SUPPLIED RECORDS Start Marker

(* Let $\iota:\Lambda\hookrightarrow\widetilde{\Lambda}$ be a primitive isometric embedding of the $K3^{[n]}$-lattice into the Mukai lattice, $v$ a generator of $\iota(\Lambda)^\perp$, $\alpha\in\Lambda$ primitive isotropic, $\beta:=\iota(\alpha)$, and $\gamma\in\widetilde{\Lambda}$ with $(\gamma,\beta)=-1$ and $(\gamma,\gamma)=0$. Let $\Lambda_{k3}:=\beta^\perp/\mathbb{Z}\beta$ and let $h$ send an isometry of $\widetilde{\Lambda}$ fixing $\beta$ and $v$ to the induced isometry of $\Lambda_{k3}$. For $z\in\widetilde{\Lambda}$ orthogonal to $\beta$ and $v$ define $\tilde g_z(x):=x-(x,\beta)z+\left[(x,z)-\tfrac12(x,\beta)(z,z)\right]\beta$. Then $\tilde g_z$ is the unique isometry of $\widetilde{\Lambda}$ fixing $\beta$ and $v$, lying in the kernel of $h$, and sending $\gamma$ to an element congruent to $\gamma+z$ modulo $\mathbb{Z}\beta$. Moreover $\tilde g_z$ is orientation preserving.
   Context: The Mukai lattice $\widetilde{\Lambda}$ is $E_8(-1)^{\oplus2}\oplus U^{\oplus4}$ (even unimodular of signature $(4,20)$); the $K3^{[n]}$-lattice $\Lambda$ ($n\ge2$) is $U^{\oplus3}\oplus E_8(-1)^{\oplus2}\oplus\langle2-2n\rangle$. An isometry is orientation preserving if it preserves the orientation of the positive cone $\{x\in\widetilde{\Lambda}\otimes\mathbb{R}:(x,x)>0\}$, i.e. acts trivially on its $H^2\cong\mathbb{Z}$. *)

theory Defs
  imports "HOL-Analysis.Analysis" "HOL-Library.Function_Algebras"
begin

text \<open>Elements of a rank d lattice are functions nat => int supported on {..<d}.\<close>
definition vecs :: "nat \<Rightarrow> (nat \<Rightarrow> int) set" where
  "vecs d = {x. \<forall>i\<ge>d. x i = 0}"

definition bil :: "nat \<Rightarrow> (nat \<Rightarrow> nat \<Rightarrow> int) \<Rightarrow> (nat \<Rightarrow> int) \<Rightarrow> (nat \<Rightarrow> int) \<Rightarrow> int" where
  "bil d G x y = (\<Sum>i<d. \<Sum>j<d. x i * G i j * y j)"

text \<open>Cartan matrix of E8 (positive definite): chain 0-1-2-3-4-5-6, node 7 attached to node 2.\<close>
definition e8_adj :: "nat \<Rightarrow> nat \<Rightarrow> bool" where
  "e8_adj i j = ((i < 7 \<and> j < 7 \<and> (i = j + 1 \<or> j = i + 1)) \<or> (i = 2 \<and> j = 7) \<or> (i = 7 \<and> j = 2))"

definition e8 :: "nat \<Rightarrow> nat \<Rightarrow> int" where
  "e8 i j = (if i < 8 \<and> j < 8 then (if i = j then 2 else if e8_adj i j then -1 else 0) else 0)"

definition hypU :: "nat \<Rightarrow> nat \<Rightarrow> int" where
  "hypU i j = (if (i = 0 \<and> j = 1) \<or> (i = 1 \<and> j = 0) then 1 else 0)"

text \<open>Mukai lattice E8(-1)^2 + U^4, rank 24: indices 0..7, 8..15 for E8(-1), 16..23 for U^4.\<close>
definition mukai_gram :: "nat \<Rightarrow> nat \<Rightarrow> int" where
  "mukai_gram i j =
     (if i < 8 \<and> j < 8 then - e8 i j
      else if 8 \<le> i \<and> i < 16 \<and> 8 \<le> j \<and> j < 16 then - e8 (i - 8) (j - 8)
      else if 16 \<le> i \<and> i < 24 \<and> 16 \<le> j \<and> j < 24 \<and> (i - 16) div 2 = (j - 16) div 2
        then hypU ((i - 16) mod 2) ((j - 16) mod 2)
      else 0)"

text \<open>K3^[n] lattice U^3 + E8(-1)^2 + <2-2n>, rank 23: indices 0..5 for U^3,
  6..13 and 14..21 for E8(-1), 22 for <2-2n>.\<close>
definition k3n_gram :: "nat \<Rightarrow> nat \<Rightarrow> nat \<Rightarrow> int" where
  "k3n_gram n i j =
     (if i < 6 \<and> j < 6 \<and> i div 2 = j div 2 then hypU (i mod 2) (j mod 2)
      else if 6 \<le> i \<and> i < 14 \<and> 6 \<le> j \<and> j < 14 then - e8 (i - 6) (j - 6)
      else if 14 \<le> i \<and> i < 22 \<and> 14 \<le> j \<and> j < 22 then - e8 (i - 14) (j - 14)
      else if i = 22 \<and> j = 22 then 2 - 2 * int n
      else 0)"

abbreviation mukai :: "(nat \<Rightarrow> int) \<Rightarrow> (nat \<Rightarrow> int) \<Rightarrow> int" where
  "mukai \<equiv> bil 24 mukai_gram"

abbreviation k3n :: "nat \<Rightarrow> (nat \<Rightarrow> int) \<Rightarrow> (nat \<Rightarrow> int) \<Rightarrow> int" where
  "k3n n \<equiv> bil 23 (k3n_gram n)"

definition zscale :: "int \<Rightarrow> (nat \<Rightarrow> int) \<Rightarrow> (nat \<Rightarrow> int)" where
  "zscale m y = (\<lambda>i. m * y i)"

definition primitive_elem :: "nat \<Rightarrow> (nat \<Rightarrow> int) \<Rightarrow> bool" where
  "primitive_elem d a \<longleftrightarrow> a \<in> vecs d \<and> a \<noteq> 0 \<and>
     (\<forall>m y. y \<in> vecs d \<and> a = zscale m y \<longrightarrow> \<bar>m\<bar> = 1)"

definition isometric_embedding ::
  "nat \<Rightarrow> (nat \<Rightarrow> nat \<Rightarrow> int) \<Rightarrow> nat \<Rightarrow> (nat \<Rightarrow> nat \<Rightarrow> int) \<Rightarrow> ((nat \<Rightarrow> int) \<Rightarrow> (nat \<Rightarrow> int)) \<Rightarrow> bool" where
  "isometric_embedding d G e H f \<longleftrightarrow>
     (\<forall>x\<in>vecs d. f x \<in> vecs e) \<and>
     (\<forall>x\<in>vecs d. \<forall>y\<in>vecs d. f (x + y) = f x + f y) \<and>
     (\<forall>m. \<forall>x\<in>vecs d. f (zscale m x) = zscale m (f x)) \<and>
     (\<forall>x\<in>vecs d. \<forall>y\<in>vecs d. bil e H (f x) (f y) = bil d G x y)"

definition primitive_embedding ::
  "nat \<Rightarrow> (nat \<Rightarrow> nat \<Rightarrow> int) \<Rightarrow> nat \<Rightarrow> (nat \<Rightarrow> nat \<Rightarrow> int) \<Rightarrow> ((nat \<Rightarrow> int) \<Rightarrow> (nat \<Rightarrow> int)) \<Rightarrow> bool" where
  "primitive_embedding d G e H f \<longleftrightarrow> isometric_embedding d G e H f \<and>
     (\<forall>m y. m \<noteq> 0 \<and> y \<in> vecs e \<and> zscale m y \<in> f ` vecs d \<longrightarrow> y \<in> f ` vecs d)"

definition mukai_isometry :: "((nat \<Rightarrow> int) \<Rightarrow> (nat \<Rightarrow> int)) \<Rightarrow> bool" where
  "mukai_isometry g \<longleftrightarrow> bij_betw g (vecs 24) (vecs 24) \<and>
     (\<forall>x\<in>vecs 24. \<forall>y\<in>vecs 24. g (x + y) = g x + g y) \<and>
     (\<forall>x\<in>vecs 24. \<forall>y\<in>vecs 24. mukai (g x) (g y) = mukai x y)"

text \<open>g lies in the kernel of h: the induced map on beta^perp / Z beta is the identity.\<close>
definition trivial_on_k3 :: "(nat \<Rightarrow> int) \<Rightarrow> ((nat \<Rightarrow> int) \<Rightarrow> (nat \<Rightarrow> int)) \<Rightarrow> bool" where
  "trivial_on_k3 \<beta> g \<longleftrightarrow> (\<forall>x\<in>vecs 24. mukai x \<beta> = 0 \<longrightarrow> (\<exists>k. g x - x = zscale k \<beta>))"

text \<open>The map tilde g_z. The Mukai lattice is even, so (z,z) div 2 is exact.\<close>
definition gtilde :: "(nat \<Rightarrow> int) \<Rightarrow> (nat \<Rightarrow> int) \<Rightarrow> (nat \<Rightarrow> int) \<Rightarrow> (nat \<Rightarrow> int)" where
  "gtilde \<beta> z x = x - zscale (mukai x \<beta>) z + zscale (mukai x z - mukai x \<beta> * (mukai z z div 2)) \<beta>"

SUPPLIED RECORDS End Marker

EXERCISE DETAILS:
When you reach the line holding "then 2 else" in the records above, begin reproducing exactly, stop after the line holding "then 1 else", and output nothing else.

ANSWER TO THIS EXERCISE:
  "e8 i j = (if i < 8 \<and> j < 8 then (if i = j then 2 else if e8_adj i j then -1 else 0) else 0)"

definition hypU :: "nat \<Rightarrow> nat \<Rightarrow> int" where
  "hypU i j = (if (i = 0 \<and> j = 1) \<or> (i = 1 \<and> j = 0) then 1 else 0)"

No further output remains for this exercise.